The demand for American firearms are in high demand in Mexico as laws are restrictive and high-powered weapons such as AK-47 style pistols are only allowed to be used by the Mexican military. Therefore Mexican cartels turn to the United States border towns to trafficking firearms to arm their enforces such as the Juarez Cartel’s enforcement arm, La Linea (the line). (CNN June 2012)
As the Mexican cartels cross the border in search for United States suppliers, corruption runs rampant in the US border towns such as Columbus, NM. A huge scandal was discovered in this small town where officials were found to be involved in trafficking weapons to a Mexican cartel.
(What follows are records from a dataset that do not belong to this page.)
text \<open>The three statements are proved together by induction on the number of vertices, for a
  generalised partition function in which every fixed leaf is replaced by a pendant factor on its
  neighbour v, contributing its edge weight exactly when v receives the leaf's colour.
  Expanding over the colour l of a vertex u writes Z as the sum over l of P l * Y l, where P l is
  the product of the pendant weights of colour l at u and Y l is the partition function of G - u
  in which every neighbour of u carries a pendant of colour l. By induction, recolouring one
  pendant changes a partition function by a relative error of at most K, i.e. by a factor of
  modulus at most 1 + K and argument at most \<theta> = arcsin K; recolouring the d neighbours of u one
  by one shows that the Y l lie in a cone of opening d \<theta> and have moduli within a factor
  (1 + K)^d. The terms of the colours that are not bad then lie in a cone of opening (d + b \<epsilon>) \<theta>,
  which gives the lower bound |Z| \<ge> min |Y| * denominator, while by the two hypotheses on K a
  recolouring of a pendant at u changes Z by at most K * min |Y| * denominator. This closes the
  induction; pinning the leaves of W recovers the restricted partition function.\<close>

section \<open>Plane geometry of complex numbers\<close>

lemma cmod_rcis_diff_squared:
  "(cmod (rcis r1 a1 - rcis r2 a2))\<^sup>2 = r1\<^sup>2 + r2\<^sup>2 - 2 * r1 * r2 * cos (a1 - a2)"
  using cmod_diff_squared[of r1 a1 r2 a2] by (simp add: rcis_def cis_conv_exp)
section \<open>Uniqueness for the initial value problem\<close>

lemma linear_ode_zero_on_short_interval:
  fixes v v' q :: "real \<Rightarrow> real"
  assumes cont: "continuous_on {c..d} v" "continuous_on {c..d} v'"
    and dv: "\<And>z. z \<in> {c<..<d} \<Longrightarrow> (v has_real_derivative v' z) (at z)"
    and dv': "\<And>z. z \<in> {c<..<d} - {x0} \<Longrightarrow> (v' has_real_derivative (- q z * v z)) (at z)"
    and q: "\<And>z. z \<in> {c<..<d} - {x0} \<Longrightarrow> \<bar>q z\<bar> \<le> M"
    and "0 \<le> M" and short: "(1 + M) * (d - c) < 1"
    and x0: "x0 \<in> {c..d}" "v x0 = 0" "v' x0 = 0"
  shows "\<forall>y\<in>{c..d}. v y = 0 \<and> v' y = 0"
proof -
  define g where "g y = \<bar>v y\<bar> + \<bar>v' y\<bar>" for y
  have "continuous_on {c..d} g"
    unfolding g_def using cont by (intro continuous_intros)
  then obtain ym where "ym \<in> {c..d}" and ym: "\<And>y. y \<in> {c..d} \<Longrightarrow> g y \<le> g ym"
    using continuous_attains_sup[of "{c..d}" g] x0 by auto
  define K where "K = g ym"
  have "K \<ge> 0"
    unfolding K_def g_def by simp
  txt \<open>The mean value theorem, started at \<open>x0\<close>, gives \<open>K \<le> (1 + M) * (d - c) * K\<close>.\<close>
  have "g y \<le> (1 + M) * K * (d - c)" if y: "y \<in> {c..d}" for y
  proof -
    define l h where "l = min x0 y" and "h = max x0 y"
    have lh: "c \<le> l" "l \<le> h" "h \<le> d"
      using x0 y unfolding l_def h_def by auto
    have z: "z \<in> {c..d}" "z \<in> {c<..<d} - {x0}" if "z \<in> {l<..<h}" for z
      using that lh unfolding l_def h_def by auto
    have "\<bar>v h - v l\<bar> \<le> K * (h - l)"
    proof (rule abs_diff_le_of_deriv_bound)
      show "continuous_on {l..h} v"
        using lh by (intro continuous_on_subset[OF cont(1)]) auto
      show "\<bar>v' z\<bar> \<le> K" if "z \<in> {l<..<h}" for z
        using ym[OF z(1)[OF that]] unfolding K_def g_def by simp
    qed (use lh z dv in auto)
    moreover have "\<bar>v' h - v' l\<bar> \<le> M * K * (h - l)"
    proof (rule abs_diff_le_of_deriv_bound)
      show "continuous_on {l..h} v'"
        using lh by (intro continuous_on_subset[OF cont(2)]) auto
      show "\<bar>- q z * v z\<bar> \<le> M * K" if "z \<in> {l<..<h}" for z
      proof -
        have "\<bar>v z\<bar> \<le> K"
          using ym[OF z(1)[OF that]] unfolding K_def g_def by simp
        then show ?thesis
          using q[OF z(2)[OF that]] \<open>K \<ge> 0\<close> by (simp add: abs_mult mult_mono')
      qed
    qed (use lh z dv' in auto)
    moreover have "\<bar>v h - v l\<bar> = \<bar>v y\<bar>" "\<bar>v' h - v' l\<bar> = \<bar>v' y\<bar>" "h - l \<le> d - c"
      using x0 lh unfolding l_def h_def by (auto simp: abs_minus_commute)
    ultimately have "g y \<le> (1 + M) * K * (h - l)"
      unfolding g_def by (simp add: algebra_simps)
    also have "\<dots> \<le> (1 + M) * K * (d - c)"
      using \<open>h - l \<le> d - c\<close> \<open>K \<ge> 0\<close> \<open>M \<ge> 0\<close> by (intro mult_left_mono) auto
    finally show ?thesis .
  qed
  then have "K \<le> (1 + M) * (d - c) * K"
    using \<open>ym \<in> {c..d}\<close> unfolding K_def by (simp add: mult_ac)
  then have "(1 - (1 + M) * (d - c)) * K \<le> 0"
    by (simp add: algebra_simps)
  with short have "K \<le> 0"
    by (simp add: mult_le_0_iff)
  show ?thesis
  proof
    fix y
    assume "y \<in> {c..d}"
    then have "\<bar>v y\<bar> + \<bar>v' y\<bar> \<le> 0"
      using ym \<open>K \<le> 0\<close> unfolding K_def g_def by force
    then show "v y = 0 \<and> v' y = 0"
      using abs_ge_zero[of "v y"] abs_ge_zero[of "v' y"] by simp
  qed
qed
The federal sweep of the town resulted in the arrest of three local officials and other individuals who indicted with charges from laundering money to trafficking weapons to the cartel. Eddie Espinoza, the former mayor, was charged with and plead guilty to firearms smuggling, conspiracy, and making false statements in acquiring guns. (CNN June 2012)

Unfortunately the discovery of the arms trafficking scandal and the arrests of local officials is not the end of the problem in Columbus, NM.

The town is still desperately trying to recover from the corruption but the town was left with unreconciled books as spending had gone unchecked and state auditors were never aware of it. The 5 member police department was disbanded after the arrest of the police chief because the town could not continue to pay the officers. Therefore the town now relies on Luna County’s Sheriff’s office to police Columbus, once again leaving the town open and vulnerable to corruption by Mexican cartels. (CNN June 2012)
The town is in a complete state of poverty with money owed to both the state and federal governments in addition to using grant funds to keep the town functioning at a minimal level. In the aftermath of the scandal, Columbus is left with no choice but to fight to survive after such a shocking and disappointing discovery.